Whisper Base for Korean Low quaiity Call Voices

This model is a fine-tuned version of openai/whisper-base on the Korean Low Quaiity Call Voices dataset. It achieves the following results on the evaluation set:

Loss: 0.4941
Cer: 30.7538

Model description

프로젝트 용도로 파인튜닝된 모델입니다. OpenAI의 Whisper-Base 모델을 바탕으로 '한국어 저음질 음성 통화 데이터'에 대한 정확도를 증가시키고자 파인튜닝을 진행한 모델이며, 사용한 데이터는 AI-HUB의 ‘저음질 전화망 음성인식 데이터’ 중 일부로서 오디오 파일 기준 240,771.06초(파일 1개당 평균 길이는 약 5.296초) 텍스트 데이터 기준 총 1,696,414글자의 크기입니다.

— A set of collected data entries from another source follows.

(* Let $\mathcal B$ be a finite set of finite distributive double p-algebras and consider the corresponding set $\mathcal Y=\{H(\mathbf A^\flat)\mid \mathbf A\in\mathcal B\}$ of finite ordered sets. The following are equivalent: (1) the algebras in $\mathcal B$ are quasi-primal and share a common ternary discriminator term; (2) each $\mathbf A\in\mathcal B$ is simple; (3) each $\mathbf A\in\mathcal B$ is directly indecomposable and regular, that is, $\mathbf A$ satisfies $[a^*=b^*\ \&\ a^+=b^+]\Rightarrow a=b$; (4) each $\mathbb X\in\mathcal Y$ is connected and every element of $\mathbb X$ is either maximal or minimal.
   Context: A distributive double p-algebra is an algebra $\mathbf A=\langle A;\vee,\wedge,{}^*,{}^+,0,1\rangle$ such that $\mathbf A^\flat=\langle A;\vee,\wedge,0,1\rangle$ is a bounded distributive lattice and ${}^*,{}^+$ are unary operations with $x\wedge y=0\iff y\le x^*$ and $x\vee y=1\iff y\ge x^+$. For a finite bounded distributive lattice $\mathbf L$, $H(\mathbf L)$ is the ordered set of all bounded-lattice homomorphisms $\mathbf L\to\mathbf 2$ ordered pointwise (the Priestley dual of $\mathbf L$). The ternary discriminator on $A$ is $\tau(x,y,z)=x$ if $x\ne y$, $=z$ if $x=y$; a finite algebra is quasi-primal if $\tau$ is a term function; a family shares a common ternary discriminator term if one ternary term induces $\tau$ on every member. *)

theory Defs
  imports Main
begin

text \<open>Algebras of type (2,2,1,1,0,0): join, meet, pseudocomplement, dual pseudocomplement, 0, 1,
  given on a carrier subset of an ambient type.\<close>
record 'a dpa =
  car :: "'a set"
  jn  :: "'a \<Rightarrow> 'a \<Rightarrow> 'a"
  mt  :: "'a \<Rightarrow> 'a \<Rightarrow> 'a"
  st  :: "'a \<Rightarrow> 'a"
  pl  :: "'a \<Rightarrow> 'a"
  bot :: "'a"
  top :: "'a"

definition alg_closed :: "'a dpa \<Rightarrow> bool" where
  "alg_closed A \<longleftrightarrow>
     (\<forall>x\<in>car A. \<forall>y\<in>car A. jn A x y \<in> car A \<and> mt A x y \<in> car A) \<and>
     (\<forall>x\<in>car A. st A x \<in> car A \<and> pl A x \<in> car A) \<and>
     bot A \<in> car A \<and> top A \<in> car A"

definition leq :: "'a dpa \<Rightarrow> 'a \<Rightarrow> 'a \<Rightarrow> bool" where
  "leq A x y \<longleftrightarrow> mt A x y = x"

definition bdl :: "'a dpa \<Rightarrow> bool" where
  "bdl A \<longleftrightarrow> alg_closed A \<and>
     (\<forall>x\<in>car A. \<forall>y\<in>car A. jn A x y = jn A y x \<and> mt A x y = mt A y x) \<and>
     (\<forall>x\<in>car A. \<forall>y\<in>car A. \<forall>z\<in>car A.
        jn A (jn A x y) z = jn A x (jn A y z) \<and> mt A (mt A x y) z = mt A x (mt A y z)) \<and>
     (\<forall>x\<in>car A. \<forall>y\<in>car A. jn A x (mt A x y) = x \<and> mt A x (jn A x y) = x) \<and>
     (\<forall>x\<in>car A. \<forall>y\<in>car A. \<forall>z\<in>car A. mt A x (jn A y z) = jn A (mt A x y) (mt A x z)) \<and>
     (\<forall>x\<in>car A. jn A x (bot A) = x \<and> mt A x (top A) = x)"

definition ddp_algebra :: "'a dpa \<Rightarrow> bool" where
  "ddp_algebra A \<longleftrightarrow> bdl A \<and>
     (\<forall>x\<in>car A. \<forall>y\<in>car A. mt A x y = bot A \<longleftrightarrow> leq A y (st A x)) \<and>
     (\<forall>x\<in>car A. \<forall>y\<in>car A. jn A x y = top A \<longleftrightarrow> leq A (pl A x) y)"

datatype tterm = VX | VY | VZ | TJn tterm tterm | TMt tterm tterm | TSt tterm | TPl tterm
  | TBot | TTop

fun teval :: "'a dpa \<Rightarrow> 'a \<Rightarrow> 'a \<Rightarrow> 'a \<Rightarrow> tterm \<Rightarrow> 'a" where
  "teval A x y z VX = x"
| "teval A x y z VY = y"
| "teval A x y z VZ = z"
| "teval A x y z (TJn s t) = jn A (teval A x y z s) (teval A x y z t)"
| "teval A x y z (TMt s t) = mt A (teval A x y z s) (teval A x y z t)"
| "teval A x y z (TSt s) = st A (teval A x y z s)"
| "teval A x y z (TPl s) = pl A (teval A x y z s)"
| "teval A x y z TBot = bot A"
| "teval A x y z TTop = top A"

definition discr :: "'a \<Rightarrow> 'a \<Rightarrow> 'a \<Rightarrow> 'a" where
  "discr x y z = (if x \<noteq> y then x else z)"

definition is_discr_term :: "tterm \<Rightarrow> 'a dpa \<Rightarrow> bool" where
  "is_discr_term t A \<longleftrightarrow>
     (\<forall>x\<in>car A. \<forall>y\<in>car A. \<forall>z\<in>car A. teval A x y z t = discr x y z)"

definition quasi_primal :: "'a dpa \<Rightarrow> bool" where
  "quasi_primal A \<longleftrightarrow> finite (car A) \<and> (\<exists>t. is_discr_term t A)"

definition congruence :: "'a dpa \<Rightarrow> ('a \<times> 'a) set \<Rightarrow> bool" where
  "congruence A \<theta> \<longleftrightarrow> equiv (car A) \<theta> \<and>
     (\<forall>x x' y y'. (x,x') \<in> \<theta> \<longrightarrow> (y,y') \<in> \<theta> \<longrightarrow>
        (jn A x y, jn A x' y') \<in> \<theta> \<and> (mt A x y, mt A x' y') \<in> \<theta>) \<and>
     (\<forall>x x'. (x,x') \<in> \<theta> \<longrightarrow> (st A x, st A x') \<in> \<theta> \<and> (pl A x, pl A x') \<in> \<theta>)"

definition simple :: "'a dpa \<Rightarrow> bool" where
  "simple A \<longleftrightarrow> {\<theta>. congruence A \<theta>} = {Id_on (car A), car A \<times> car A}"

This is a fine-tuned model for project use. This model was fine-tuned to increase the accuracy of ‘Korean low-quality voice call data’ based on OpenAI’s Whisper-Base model. The data used is part of AI-HUB’s ‘low-quality telephone network voice recognition data’, which is 240,771.06 seconds based on audio files(average length per file is about 5.296 seconds). The total size is 1,696,414 characters based on text data.

Intended uses & limitations

파인튜닝에 사용된 Base model과 dataset 모두 학습 목적으로 사용하였으며, 따라서 본 모델 역시 학습 목적으로만 사용 가능합니다.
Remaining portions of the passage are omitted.